Dietary Lipids, Lipid Regulation, and Resistance Exercise Responses

Abstract

Being the largest tissue that accounts for 40-50% of overall metabolism in non-obese individuals, skeletal muscle is a modifiable target for reducing the risk of chronic diseases. Resistance exercise induces cell signaling pathways that promote muscle protein synthesis via muscle contraction, inflammation, and hormones. Lipids facilitate these mechanisms through the provision of energy and building blocks for cell regeneration, regulation of membrane permeability for hormones, and formation of lipid rafts for signaling molecules. Exercise increases free fatty acids and mobilizes several kinases, the factors that activate the skeletal muscle lipid regulator PPARδ. The purpose of this study was to test the hypotheses that dietary lipids would improve skeletal muscle adaptations to resistance exercise training and that resistance exercise would enhance lipid metabolism as demonstrated by the upregulation of PPARδ.

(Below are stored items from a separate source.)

lemma exists_block_containing:
  assumes "admissible t a b Y T" "length Y = length a"
    and "\<forall>i<length a. finite (Y ! i) \<and> b ! i \<le> card (Y ! i)"
  shows "\<exists>B. is_block a b Y B \<and> contained_in T B"
proof -
  have "\<forall>i<length a. \<exists>S. T ! i \<subseteq> S \<and> S \<subseteq> Y ! i \<and> card S = b ! i"
    using assms by (auto simp: admissible_def intro: exists_subset_between)
  then obtain f where f: "\<forall>i<length a. T ! i \<subseteq> f i \<and> f i \<subseteq> Y ! i \<and> card (f i) = b ! i"
    by metis
  have "is_block a b Y (map f [0..<length a])" "contained_in T (map f [0..<length a])"
    using f assms(1) by (simp_all add: is_block_def contained_in_def admissible_def)
  then show ?thesis
    by blast
qed

lemma finite_blocks:
  assumes "\<forall>i<length Y. finite (Y ! i)" "length Y = length a"
  shows "finite {B. is_block a b Y B}"
proof (rule finite_subset)
  show "{B. is_block a b Y B} \<subseteq> {B. set B \<subseteq> Pow (\<Union>(set Y)) \<and> length B = length a}"
    using assms(2) by (fastforce simp: is_block_def in_set_conv_nth)
  show "finite {B. set B \<subseteq> Pow (\<Union>(set Y)) \<and> length B = length a}"
    using assms(1) by (intro finite_lists_length_eq) (metis finite_Pow_iff finite_Union in_set_conv_nth finite_set)
qed

lemma exists_is_GC:
  assumes "has_part_sizes a Y" "\<forall>i<length a. b ! i \<le> a ! i"
  shows "\<exists>D. is_GC t a b Y D"
proof -
  have Y: "length Y = length a" "\<forall>i<length a. finite (Y ! i) \<and> b ! i \<le> card (Y ! i)"
    using assms by (auto simp: has_part_sizes_def)
  obtain D where "set D = {B. is_block a b Y B}"
    using finite_blocks[of Y a b] Y finite_list by force
  then have "is_GC t a b Y D"
    using exists_block_containing[OF _ Y] by (auto simp: is_GC_def)
  then show ?thesis ..
qed

lemma exists_disjoint_parts:
  "\<exists>Y :: nat set list. has_part_sizes a Y \<and> pw_disjoint Y"
proof -
  define Y where "Y = map (\<lambda>i. prod_encode ` ({i} \<times> {..<a ! i})) [0..<length a]"
  have "has_part_sizes a Y"
    by (simp add: Y_def has_part_sizes_def card_image inj_prod_encode card_cartesian_product)
  moreover have "pw_disjoint Y"
    by (auto simp: Y_def pw_disjoint_def)
  ultimately show ?thesis
    by blast
qed

lemma C2_attained:
  assumes "\<forall>i<length a. b ! i \<le> a ! i"
  shows "C2 a b \<in> GC2_sizes a b"
proof -
  obtain Y :: "nat set list" where "has_part_sizes a Y" "pw_disjoint Y"
    using exists_disjoint_parts by blast
  moreover obtain D where "is_GC2 a b Y D"
    using exists_is_GC[OF \<open>has_part_sizes a Y\<close> assms] by (auto simp: is_GC2_eq_is_GC)
  ultimately have "length D \<in> GC2_sizes a b"
    by (auto simp: GC2_sizes_def)
  then show ?thesis
    unfolding C2_eq_Least by (rule LeastI)
qed

lemma C2_merge_first_parts_le:
  assumes "2 \<le> b\<^sub>0" "2 \<le> b\<^sub>1" "\<forall>i<length (a\<^sub>0 # a\<^sub>1 # a). (b\<^sub>0 # b\<^sub>1 # b) ! i \<le> (a\<^sub>0 # a\<^sub>1 # a) ! i"
  shows "C2 ((a\<^sub>0 + a\<^sub>1) # a) ((b\<^sub>0 + b\<^sub>1) # b) \<le> C2 (a\<^sub>0 # a\<^sub>1 # a) (b\<^sub>0 # b\<^sub>1 # b)"
proof -
  obtain Y :: "nat set list" and E where Y: "has_part_sizes (a\<^sub>0 # a\<^sub>1 # a) Y" "pw_disjoint Y"
    and E: "is_GC2 (a\<^sub>0 # a\<^sub>1 # a) (b\<^sub>0 # b\<^sub>1 # b) Y E" "length E = C2 (a\<^sub>0 # a\<^sub>1 # a) (b\<^sub>0 # b\<^sub>1 # b)"
    using C2_attained[OF assms(3)] by (auto simp: GC2_sizes_def)
  have "length Y = Suc (Suc (length a))"
    using Y(1) by (simp add: has_part_sizes_def)
  then obtain Y\<^sub>0 Y\<^sub>1 Y' where Y': "Y = Y\<^sub>0 # Y\<^sub>1 # Y'"
    by (rule length_Suc_Suc_conv)
  have "Y\<^sub>0 \<inter> Y\<^sub>1 = {}" "finite Y\<^sub>0" "finite Y\<^sub>1"
    using Y by (auto simp: Y' pw_disjoint_Cons has_part_sizes_Cons All_less_Suc2)
  then have "has_part_sizes ((a\<^sub>0 + a\<^sub>1) # a) ((Y\<^sub>0 \<union> Y\<^sub>1) # Y')"
    and "pw_disjoint ((Y\<^sub>0 \<union> Y\<^sub>1) # Y')"
    and "is_GC2 ((a\<^sub>0 + a\<^sub>1) # a) ((b\<^sub>0 + b\<^sub>1) # b) ((Y\<^sub>0 \<union> Y\<^sub>1) # Y') (map merge_first_parts E)"
    using Y E(1) assms(1,2) unfolding Y' is_GC2_eq_is_GC
    by (auto intro: has_part_sizes_merge_first_parts pw_disjoint_merge_first_parts
        is_GC_merge_first_parts)
  then have "length E \<in> GC2_sizes ((a\<^sub>0 + a\<^sub>1) # a) ((b\<^sub>0 + b\<^sub>1) # b)"
    unfolding GC2_sizes_def by (metis (mono_tags, lifting) length_map mem_Collect_eq)
  then show ?thesis
    using C2_le E(2) by metis
qed

theorem proposition3p22:
  fixes m :: nat and v k :: "nat list" and X :: "'a set list" and D :: "'a set list list"
  assumes "m \<ge> 2"
    and "length v = m" and "length k = m" and "length X = m"
    and "\<forall>i<m. 0 < k ! i \<and> k ! i \<le> v ! i"
    and "k ! 0 \<ge> 2" and "k ! 1 \<ge> 2"
    and "\<forall>i<m. finite (X ! i) \<and> card (X ! i) = v ! i"
    and "pw_disjoint X"
    and "is_GC2 v k X D"
  shows "is_GC2 ((v ! 0 + v ! 1) # drop 2 v) ((k ! 0 + k ! 1) # drop 2 k)
           ((X ! 0 \<union> X ! 1) # drop 2 X) (map (\<lambda>B. (B ! 0 \<union> B ! 1) # drop 2 B) D)
       \<and> C2 ((v ! 0 + v ! 1) # drop 2 v) ((k ! 0 + k ! 1) # drop 2 k) \<le> C2 v k"
proof -
  obtain n where m: "m = Suc (Suc n)"
    using assms(1) by (metis add_2_eq_Suc le_Suc_ex)
  obtain v\<^sub>0 v\<^sub>1 v' k\<^sub>0 k\<^sub>1 k' X\<^sub>0 X\<^sub>1 X'
    where lists: "v = v\<^sub>0 # v\<^sub>1 # v'" "k = k\<^sub>0 # k\<^sub>1 # k'" "X = X\<^sub>0 # X\<^sub>1 # X'"
    using assms(2-4) unfolding m by (metis length_Suc_Suc_conv)
  have "X\<^sub>0 \<inter> X\<^sub>1 = {}" "finite X\<^sub>0" "finite X\<^sub>1"
    using assms(8,9) unfolding lists m by (auto simp: pw_disjoint_Cons All_less_Suc2)
  then have "is_GC2 ((v\<^sub>0 + v\<^sub>1) # v') ((k\<^sub>0 + k\<^sub>1) # k') ((X\<^sub>0 \<union> X\<^sub>1) # X') (map merge_first_parts D)"
    using is_GC_merge_first_parts assms(6,7,10) unfolding lists is_GC2_eq_is_GC by simp
  moreover have "C2 ((v\<^sub>0 + v\<^sub>1) # v') ((k\<^sub>0 + k\<^sub>1) # k') \<le> C2 v k"
    using C2_merge_first_parts_le assms(2,5,6,7) unfolding lists by simp
  ultimately show ?thesis
    by (simp add: lists merge_first_parts_def[abs_def])
qed

end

The first study examined the changes in skeletal muscle mass, strength, peak power, and quality in response to a 12-week whole-body progressive resistance exercise training (8 sets/12 reps, 70% 1RM) with different levels of dietary cholesterol supplementation. Secondary analyses included determination of the association between dietary fatty acids and skeletal muscle adaptation. No effects of dietary cholesterol on the training-induced muscle adaptation was observed. Exploratory analyses of dietary fatty acids suggested potential effects on adaptations. The second study explored the effects of dietary cholesterol and fatty acids on the muscle protein synthesis and soreness induced by a short-term high-intensity unilateral leg resistance exercise (5 set/reps until failure, 85% 1RM). Muscle protein synthesis rate was not significantly different between the exercised and non-exercised legs during the 22 hours after the exercise. In the high cholesterol intake group, muscle PPARδ protein content was 38.9±24.1% higher in the exercised than the non-exercised legs and soreness levels were 91.6±3.6% lower than the low cholesterol intake group. The third study investigated the effects of a 10-week whole-body progressive resistance exercise training (8 sets/12 reps, 75% 1RM) on muscle PPARδ protein content. Before the training, PPARδ protein content acutely increased by 49.1±0.29% after one bout of exercise and the increase was inversely proportional to body fat percentage. Resting muscle PPARδ protein content increased by 114.7±0.32% after the training.

The findings in these studies provided insights into the potential effects of lipids on skeletal muscle adaptation and the mechanism of lipid regulation induced by resistance exercise.